_Recorded information_
● ● ● ● ● ● ●

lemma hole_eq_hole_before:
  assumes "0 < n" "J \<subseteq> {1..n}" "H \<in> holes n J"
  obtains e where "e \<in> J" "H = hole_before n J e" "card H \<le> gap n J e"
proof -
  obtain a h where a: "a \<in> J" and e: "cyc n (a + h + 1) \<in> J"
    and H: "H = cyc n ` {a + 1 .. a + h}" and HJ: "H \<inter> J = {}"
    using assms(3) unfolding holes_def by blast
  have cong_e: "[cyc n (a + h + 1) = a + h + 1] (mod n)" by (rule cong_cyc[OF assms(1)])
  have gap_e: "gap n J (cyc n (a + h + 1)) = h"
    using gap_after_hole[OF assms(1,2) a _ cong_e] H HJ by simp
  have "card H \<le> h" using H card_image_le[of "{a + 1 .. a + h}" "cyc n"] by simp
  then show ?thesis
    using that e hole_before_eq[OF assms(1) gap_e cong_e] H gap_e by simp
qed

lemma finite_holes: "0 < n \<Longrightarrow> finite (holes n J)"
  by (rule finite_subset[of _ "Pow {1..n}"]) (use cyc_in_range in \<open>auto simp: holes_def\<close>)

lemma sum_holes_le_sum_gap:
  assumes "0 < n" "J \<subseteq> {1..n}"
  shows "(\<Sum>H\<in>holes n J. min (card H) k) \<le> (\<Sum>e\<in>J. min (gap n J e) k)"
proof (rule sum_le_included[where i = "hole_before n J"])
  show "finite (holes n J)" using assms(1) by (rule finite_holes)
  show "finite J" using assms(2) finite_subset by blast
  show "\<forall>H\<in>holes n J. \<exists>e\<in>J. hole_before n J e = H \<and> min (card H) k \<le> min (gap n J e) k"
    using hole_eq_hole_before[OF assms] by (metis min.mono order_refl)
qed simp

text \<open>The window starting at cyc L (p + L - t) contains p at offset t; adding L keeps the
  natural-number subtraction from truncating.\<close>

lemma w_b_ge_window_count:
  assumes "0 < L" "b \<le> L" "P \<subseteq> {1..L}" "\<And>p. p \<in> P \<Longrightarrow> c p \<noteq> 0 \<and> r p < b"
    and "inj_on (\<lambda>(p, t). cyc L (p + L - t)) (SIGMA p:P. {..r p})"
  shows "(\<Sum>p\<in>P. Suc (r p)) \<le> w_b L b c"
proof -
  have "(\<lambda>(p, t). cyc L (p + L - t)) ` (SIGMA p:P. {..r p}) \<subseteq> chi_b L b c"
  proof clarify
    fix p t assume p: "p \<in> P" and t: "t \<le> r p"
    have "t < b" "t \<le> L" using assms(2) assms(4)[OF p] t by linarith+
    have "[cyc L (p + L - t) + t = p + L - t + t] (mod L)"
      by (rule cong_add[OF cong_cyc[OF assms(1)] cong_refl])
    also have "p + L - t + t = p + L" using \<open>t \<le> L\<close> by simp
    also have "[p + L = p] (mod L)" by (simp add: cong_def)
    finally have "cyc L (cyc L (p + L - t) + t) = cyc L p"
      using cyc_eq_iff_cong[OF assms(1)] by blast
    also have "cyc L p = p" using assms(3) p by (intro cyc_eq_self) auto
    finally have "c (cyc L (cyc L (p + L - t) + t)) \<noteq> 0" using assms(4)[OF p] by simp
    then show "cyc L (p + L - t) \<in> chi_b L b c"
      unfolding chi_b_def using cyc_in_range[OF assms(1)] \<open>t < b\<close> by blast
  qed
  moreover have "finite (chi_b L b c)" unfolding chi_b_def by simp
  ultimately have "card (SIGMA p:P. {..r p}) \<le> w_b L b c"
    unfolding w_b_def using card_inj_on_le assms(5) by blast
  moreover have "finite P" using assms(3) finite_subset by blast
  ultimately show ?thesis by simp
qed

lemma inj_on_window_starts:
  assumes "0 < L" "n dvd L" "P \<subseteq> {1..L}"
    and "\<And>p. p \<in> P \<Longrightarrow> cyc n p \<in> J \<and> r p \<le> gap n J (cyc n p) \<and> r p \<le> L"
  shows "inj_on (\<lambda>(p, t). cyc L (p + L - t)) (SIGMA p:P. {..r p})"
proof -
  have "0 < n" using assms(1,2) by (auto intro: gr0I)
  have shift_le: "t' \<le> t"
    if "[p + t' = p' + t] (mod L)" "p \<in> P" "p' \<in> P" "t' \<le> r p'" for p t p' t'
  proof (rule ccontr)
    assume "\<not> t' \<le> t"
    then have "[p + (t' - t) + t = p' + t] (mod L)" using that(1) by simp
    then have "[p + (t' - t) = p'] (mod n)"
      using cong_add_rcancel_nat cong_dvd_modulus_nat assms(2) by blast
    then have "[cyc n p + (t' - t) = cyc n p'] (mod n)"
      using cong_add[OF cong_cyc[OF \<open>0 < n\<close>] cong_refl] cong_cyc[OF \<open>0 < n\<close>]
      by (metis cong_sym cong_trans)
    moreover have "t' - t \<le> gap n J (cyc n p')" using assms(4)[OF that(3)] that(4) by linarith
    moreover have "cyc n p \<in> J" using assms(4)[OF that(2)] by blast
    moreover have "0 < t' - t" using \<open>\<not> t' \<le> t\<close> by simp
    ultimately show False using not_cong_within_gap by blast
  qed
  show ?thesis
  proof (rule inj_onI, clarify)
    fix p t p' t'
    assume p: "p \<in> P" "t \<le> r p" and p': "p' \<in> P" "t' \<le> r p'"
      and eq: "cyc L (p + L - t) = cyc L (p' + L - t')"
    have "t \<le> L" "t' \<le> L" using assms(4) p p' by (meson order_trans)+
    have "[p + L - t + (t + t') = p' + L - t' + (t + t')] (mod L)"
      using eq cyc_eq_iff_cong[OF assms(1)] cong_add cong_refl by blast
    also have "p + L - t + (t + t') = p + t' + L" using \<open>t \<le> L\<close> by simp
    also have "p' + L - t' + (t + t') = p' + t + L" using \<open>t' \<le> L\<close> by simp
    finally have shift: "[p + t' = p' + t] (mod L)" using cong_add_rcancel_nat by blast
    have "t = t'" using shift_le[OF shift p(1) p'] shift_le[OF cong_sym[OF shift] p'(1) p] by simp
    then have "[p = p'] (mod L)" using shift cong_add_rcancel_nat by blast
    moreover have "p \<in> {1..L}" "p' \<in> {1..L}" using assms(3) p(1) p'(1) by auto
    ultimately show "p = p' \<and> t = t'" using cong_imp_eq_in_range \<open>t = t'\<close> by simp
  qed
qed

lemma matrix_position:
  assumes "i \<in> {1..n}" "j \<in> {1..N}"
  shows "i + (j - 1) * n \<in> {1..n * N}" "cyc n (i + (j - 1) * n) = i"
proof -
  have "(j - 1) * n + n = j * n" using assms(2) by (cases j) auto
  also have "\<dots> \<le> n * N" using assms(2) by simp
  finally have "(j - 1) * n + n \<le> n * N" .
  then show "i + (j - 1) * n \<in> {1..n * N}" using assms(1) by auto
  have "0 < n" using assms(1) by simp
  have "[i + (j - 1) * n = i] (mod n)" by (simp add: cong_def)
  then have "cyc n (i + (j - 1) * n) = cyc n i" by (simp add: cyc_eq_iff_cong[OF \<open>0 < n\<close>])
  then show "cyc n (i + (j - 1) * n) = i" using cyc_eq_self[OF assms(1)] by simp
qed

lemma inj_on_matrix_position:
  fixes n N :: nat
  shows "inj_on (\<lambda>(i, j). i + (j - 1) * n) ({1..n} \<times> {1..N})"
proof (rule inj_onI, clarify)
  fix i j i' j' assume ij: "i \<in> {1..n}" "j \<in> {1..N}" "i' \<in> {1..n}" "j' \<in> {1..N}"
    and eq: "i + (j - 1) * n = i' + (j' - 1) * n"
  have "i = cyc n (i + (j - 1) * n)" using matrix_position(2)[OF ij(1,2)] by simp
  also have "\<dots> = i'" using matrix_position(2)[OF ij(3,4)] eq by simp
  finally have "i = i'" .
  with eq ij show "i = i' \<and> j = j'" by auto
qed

● ● ● ● ● ● ●

_What you need to do_
Print exactly the lines from the one containing "using eq cyc_eq_iff_cong[OF" through the last line of the records above, both included.

_Reply_
      using eq cyc_eq_iff_cong[OF assms(1)] cong_add cong_refl by blast
    also have "p + L - t + (t + t') = p + t' + L" using \<open>t \<le> L\<close> by simp
    also have "p' + L - t' + (t + t') = p' + t + L" using \<open>t' \<le> L\<close> by simp
    finally have shift: "[p + t' = p' + t] (mod L)" using cong_add_rcancel_nat by blast
    have "t = t'" using shift_le[OF shift p(1) p'] shift_le[OF cong_sym[OF shift] p'(1) p] by simp
    then have "[p = p'] (mod L)" using shift cong_add_rcancel_nat by blast
    moreover have "p \<in> {1..L}" "p' \<in> {1..L}" using assms(3) p(1) p'(1) by auto
    ultimately show "p = p' \<and> t = t'" using cong_imp_eq_in_range \<open>t = t'\<close> by simp
  qed
qed

lemma matrix_position:
  assumes "i \<in> {1..n}" "j \<in> {1..N}"
  shows "i + (j - 1) * n \<in> {1..n * N}" "cyc n (i + (j - 1) * n) = i"
proof -
  have "(j - 1) * n + n = j * n" using assms(2) by (cases j) auto
  also have "\<dots> \<le> n * N" using assms(2) by simp
  finally have "(j - 1) * n + n \<le> n * N" .
  then show "i + (j - 1) * n \<in> {1..n * N}" using assms(1) by auto
  have "0 < n" using assms(1) by simp
  have "[i + (j - 1) * n = i] (mod n)" by (simp add: cong_def)
  then have "cyc n (i + (j - 1) * n) = cyc n i" by (simp add: cyc_eq_iff_cong[OF \<open>0 < n\<close>])
  then show "cyc n (i + (j - 1) * n) = i" using cyc_eq_self[OF assms(1)] by simp
qed

lemma inj_on_matrix_position:
  fixes n N :: nat
  shows "inj_on (\<lambda>(i, j). i + (j - 1) * n) ({1..n} \<times> {1..N})"
proof (rule inj_onI, clarify)
  fix i j i' j' assume ij: "i \<in> {1..n}" "j \<in> {1..N}" "i' \<in> {1..n}" "j' \<in> {1..N}"
    and eq: "i + (j - 1) * n = i' + (j' - 1) * n"
  have "i = cyc n (i + (j - 1) * n)" using matrix_position(2)[OF ij(1,2)] by simp
  also have "\<dots> = i'" using matrix_position(2)[OF ij(3,4)] eq by simp
  finally have "i = i'" .
  with eq ij show "i = i' \<and> j = j'" by auto
qed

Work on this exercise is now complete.